■ Information shown ■
lemma central_left_commute:
  assumes "central c"
  shows "z * (c * w) = c * (z * w)"
proof -
  have "z * (c * w) = z * c * w"
    by (rule mult.assoc[symmetric])
  also have "\<dots> = c * z * w"
    using assms by (simp add: central_def)
  finally show ?thesis
    by (simp only: mult.assoc)
qed

lemma central_add: "central a \<Longrightarrow> central b \<Longrightarrow> central (a + b)"
  unfolding central_def by (simp add: algebra_simps)

lemma central_mult:
  assumes "central a" and "central b"
  shows "central (a * b)"
  unfolding central_def
proof
  fix z
  have "a * b * z = a * (z * b)"
    using centralD[OF assms(2), of z] by (simp add: mult.assoc)
  then show "a * b * z = z * (a * b)"
    by (simp only: central_left_commute[OF assms(1)])
qed

lemma central_zero: "central 0" and central_one: "central 1"
  by (simp_all add: central_def)

lemma central_power: "central a \<Longrightarrow> central (a ^ n)"
  by (induct n) (simp_all add: central_one central_mult)

lemma central_of_nat: "central (of_nat n)"
  by (simp add: central_def mult_of_nat_commute)

lemma power_mult_central: "central a \<Longrightarrow> (a * b) ^ n = a ^ n * b ^ n"
proof (induct n)
  case 0
  then show ?case by simp
next
  case (Suc n)
  have "(a * b) ^ Suc n = a ^ n * b ^ n * (a * b)"
    by (simp only: power_Suc2 Suc)
  also have "\<dots> = a ^ n * a * (b ^ n * b)"
    using central_left_commute[OF Suc(2), of "b ^ n" b] by (simp add: mult.assoc)
  finally show ?case by (simp only: power_Suc2)
qed

lemma power_add_square_zero:
  assumes "central a" and "b * b = 0"
  shows "(a + b) ^ Suc n = a ^ Suc n + of_nat (Suc n) * (a ^ n * b)"
proof (induct n)
  case 0
  then show ?case by simp
next
  case (Suc n)
  have "(a + b) ^ Suc (Suc n) = (a ^ Suc n + of_nat (Suc n) * (a ^ n * b)) * (a + b)"
    by (simp only: power_Suc2[of _ "Suc n"] Suc)
  also have "\<dots> = a ^ Suc n * a + a ^ Suc n * b
      + of_nat (Suc n) * (a ^ n * (b * a)) + of_nat (Suc n) * (a ^ n * (b * b))"
    by (simp add: algebra_simps del: power_Suc)
  also have "\<dots> = a ^ Suc (Suc n) + of_nat (Suc (Suc n)) * (a ^ Suc n * b)"
  proof -
    have "a ^ n * (b * a) = a ^ Suc n * b"
      using centralD[OF assms(1), of b, symmetric]
      by (simp add: mult.assoc[symmetric] power_Suc2 del: power_Suc)
    then show ?thesis
      using assms(2) by (simp add: algebra_simps power_Suc2 del: power_Suc)
  qed
  finally show ?case .
qed

lemma power_add_square_zero_central_coeff:
  assumes "central a" and "b * b = 0"
  shows "\<exists>q. central q \<and> (a + b) ^ n = a ^ n + q * b"
proof (cases n)
  case 0
  then show ?thesis
    by (intro exI[of _ 0]) (simp add: central_zero)
next
  case (Suc k)
  have "(a + b) ^ n = a ^ n + (of_nat n * a ^ k) * b"
    using power_add_square_zero[OF assms, of k] Suc by (simp only: mult.assoc)
  moreover have "central (of_nat n * a ^ k)"
    by (intro central_mult central_of_nat central_power assms(1))
  ultimately show ?thesis by blast
qed

lemma power_add_mult_annihilated:
  assumes "central a" and "b * y = 0"
  shows "(a + b) ^ n * y = a ^ n * y"
proof (induct n)
  case 0
  then show ?case by simp
next
  case (Suc n)
  have "(a + b) ^ Suc n * y = (a + b) * (a ^ n * y)"
    by (simp only: power_Suc mult.assoc Suc)
  also have "\<dots> = a ^ Suc n * y"
    using central_left_commute[OF central_power[OF assms(1)], of b n y] assms(2)
    by (simp add: distrib_right mult.assoc)
  finally show ?case .
qed

lemma mult_add_central_annihilated:
  assumes "central q" and "x * b = 0"
  shows "x * (y + q * b) = x * y"
  using central_left_commute[OF assms(1), of x b] assms(2) by (simp add: distrib_left)
lemma ramsey_number_arrows: "ramsey_number V1 E1 V2 E2 = (LEAST N. 0 < N \<and> arrows N V1 E1 V2 E2)"
  unfolding ramsey_number_def arrows_def ..

lemma ramsey_number_le:
  "0 < N \<Longrightarrow> arrows N V1 E1 V2 E2 \<Longrightarrow> ramsey_number V1 E1 V2 E2 \<le> N"
  unfolding ramsey_number_arrows by (rule Least_le) simp

lemma simple_graph_subset: "simple_graph V E \<Longrightarrow> V' \<subseteq> V \<Longrightarrow> simple_graph V' E"
  unfolding simple_graph_def by (meson finite_subset subsetD)

(* ... and it exceeds N0 as soon as one graph on N0 vertices avoids G1 while its complement
   avoids G2 (restriction shows that no N <= N0 has the arrow property). *)
lemma ramsey_number_gt:
  assumes witness: "0 < N" "arrows N V1 E1 V2 E2"
    and G: "simple_graph {0..<N0} E"
    and no_G1: "\<not> contains {0..<N0} E V1 E1"
    and no_G2: "\<not> contains {0..<N0} (compl_graph E) V2 E2"
  shows "N0 < ramsey_number V1 E1 V2 E2"
proof (rule ccontr)
  define r where "r = ramsey_number V1 E1 V2 E2"
  assume "\<not> N0 < ramsey_number V1 E1 V2 E2"
  hence sub: "{0..<r} \<subseteq> {0..<N0}" by (auto simp: r_def)
  have "0 < r \<and> arrows r V1 E1 V2 E2"
    unfolding r_def ramsey_number_arrows by (rule LeastI[of _ N]) (use witness in simp)
  moreover have "simple_graph {0..<r} E" using G sub by (rule simple_graph_subset)
  ultimately have "contains {0..<r} E V1 E1 \<or> contains {0..<r} (compl_graph E) V2 E2"
    unfolding arrows_def by blast
  thus False using contains_mono_host[OF _ sub, of E V1 E1]
      contains_mono_host[OF _ sub, of "compl_graph E" V2 E2] no_G1 no_G2 by blast
qed
lemma acq_staircase:
  assumes "2 \<le> r" "odd b" "\<And>s. s \<le> t \<Longrightarrow> N < r + s \<or> N < b + 2 * (t - s)"
  shows "((r, b + 2 * t), (r + t, b)) \<in> (Restr acq_E (grid_beyond N))\<^sup>*"
proof -
  have "((r + s, b + 2 * (t - s)), (r + Suc s, b + 2 * (t - Suc s))) \<in> (Restr acq_E (grid_beyond N))\<^sup>*"
    if "s < t" for s
  proof -
    have "b + 2 * (t - s) = b + 2 * (t - Suc s) + 2"
      using that by simp
    then show ?thesis
      using acq_step_down[of "r + s" "b + 2 * (t - Suc s)" N] assms(1,2) assms(3)[of s] assms(3)[of "Suc s"]
        that odd_pos[OF assms(2)]
      by auto
  qed
  then show ?thesis
    using rtrancl_chain[of 0 t "\<lambda>s. (r + s, b + 2 * (t - s))"]
    by simp
qed

lemma acq_reaches_row_1:
  assumes "(i, j) \<in> grid_beyond (3*N+3)"
  shows "\<exists>c0. \<forall>c\<ge>c0. ((i, j), (1, c)) \<in> (Restr acq_E (grid_beyond N))\<^sup>*"
proof (cases "i = 1")
  case True
  then show ?thesis
    using assms row_reach[OF qg_rayE_subset_acq_E, of 1 j N] by auto
next
  case False
  define t where "t = j div 2"
  have i: "2 \<le> i" and t: "j \<le> 1 + 2 * t" "1 + 2 * t \<le> j + 1"
    using assms False by (auto simp: t_def)
  have far: "N < i + s \<or> N < 1 + 2 * (t - s)" if "s \<le> t" for s
    using assms that t by auto
  have "N < i + t"
    using assms t by auto
  have "((i, j), (i, 1 + 2 * t)) \<in> (Restr acq_E (grid_beyond N))\<^sup>*"
    using assms t by (intro row_reach qg_rayE_subset_acq_E) auto
  also have "((i, 1 + 2 * t), (i + t, 1)) \<in> (Restr acq_E (grid_beyond N))\<^sup>*"
    using acq_staircase[of i 1 t N] i far by simp
  also have "((i + t, 1), (i + t, 2)) \<in> (Restr acq_E (grid_beyond N))\<^sup>*"
    using \<open>N < i + t\<close> i by (intro row_reach qg_rayE_subset_acq_E) auto
  also have "((i + t, 2), (1, 2 * (i + t - 1))) \<in> (Restr acq_E (grid_beyond N))\<^sup>*"
    using \<open>N < i + t\<close> i by (intro rtrancl_Restr_arc acq_arc_to_row_1) auto
  finally have to_row: "((i, j), (1, 2 * (i + t - 1))) \<in> (Restr acq_E (grid_beyond N))\<^sup>*" .
  have "((1, 2 * (i + t - 1)), (1, c)) \<in> (Restr acq_E (grid_beyond N))\<^sup>*"
    if "2 * (i + t - 1) \<le> c" for c
    using \<open>N < i + t\<close> i that by (intro row_reach qg_rayE_subset_acq_E) auto
  with to_row show ?thesis
    by (meson rtrancl_trans)
qed

lemma acq_reached_from_row_1:
  assumes "(i, j) \<in> grid_beyond (3*N+3)"
  shows "\<exists>c. i + j \<le> 2*c + 5 \<and> ((1, c), (i, j)) \<in> (Restr acq_E (grid_beyond N))\<^sup>*"
proof (cases "i = 1")
  case True
  then show ?thesis
    by (intro exI[of _ j]) auto
next
  case False
  define b where "b = (if odd j then j else j - 1)"
  define t where "t = i - 2"
  have i: "i = 2 + t" and b: "odd b" "1 \<le> b" "b \<le> j" "j \<le> b + 1"
    using assms False by (auto simp: b_def t_def elim: oddE)
  have far: "N < 2 + s \<or> N < b + 2 * (t - s)" if "s \<le> t" for s
    using assms that i b by auto
  have "N < b + 2 * t"
    using assms i b by auto
  then have "((1, b + 2 * t), (2, b + 2 * t)) \<in> (Restr acq_E (grid_beyond N))\<^sup>*"
    using b by (intro rtrancl_Restr_arc acq_arc_1_2) auto
  also have "((2, b + 2 * t), (i, b)) \<in> (Restr acq_E (grid_beyond N))\<^sup>*"
    using acq_staircase[of 2 b t N] b far i by simp
  also have "((i, b), (i, j)) \<in> (Restr acq_E (grid_beyond N))\<^sup>*"
    using far[of t] i b by (intro row_reach qg_rayE_subset_acq_E) auto
  finally show ?thesis
    using i b by (intro exI[of _ "b + 2 * t"]) auto
qed

lemma acq_card_ends: "card (ends qg_V acq_E) = 1"
  using qg_rayE_subset_acq_E
  by (intro card_ends_eq_1_if_far_reachable[OF _ _ reach_far_if_linked_to_row_1[OF acq_reaches_row_1 acq_reached_from_row_1]])
    (auto simp: grid_beyond_def dest: row_1_ray_qg_V)

subsection \<open>Descending cyclically directed quarter-grid\<close>

lemma qg_rayE_subset_dcq_E: "qg_rayE \<subseteq> dcq_E"
  by (auto simp: dcq_E_def)

lemma dcq_arc_up: "1 \<le> i \<Longrightarrow> 1 \<le> j \<Longrightarrow> even j \<Longrightarrow> ((i + 1, j), (i, j + 1)) \<in> dcq_E"
  and dcq_arc_from_row_1: "1 \<le> i \<Longrightarrow> ((1, 2 * i), (i + 1, 1)) \<in> dcq_E"
  unfolding dcq_E_def by blast+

■ What the exercise asks ■
Repeat every line of the data word for word until you have repeated the line that contains "central b \<Longrightarrow>", which is the last one to include.

■ Answer to this task ■
lemma central_left_commute:
  assumes "central c"
  shows "z * (c * w) = c * (z * w)"
proof -
  have "z * (c * w) = z * c * w"
    by (rule mult.assoc[symmetric])
  also have "\<dots> = c * z * w"
    using assms by (simp add: central_def)
  finally show ?thesis
    by (simp only: mult.assoc)
qed

lemma central_add: "central a \<Longrightarrow> central b \<Longrightarrow> central (a + b)"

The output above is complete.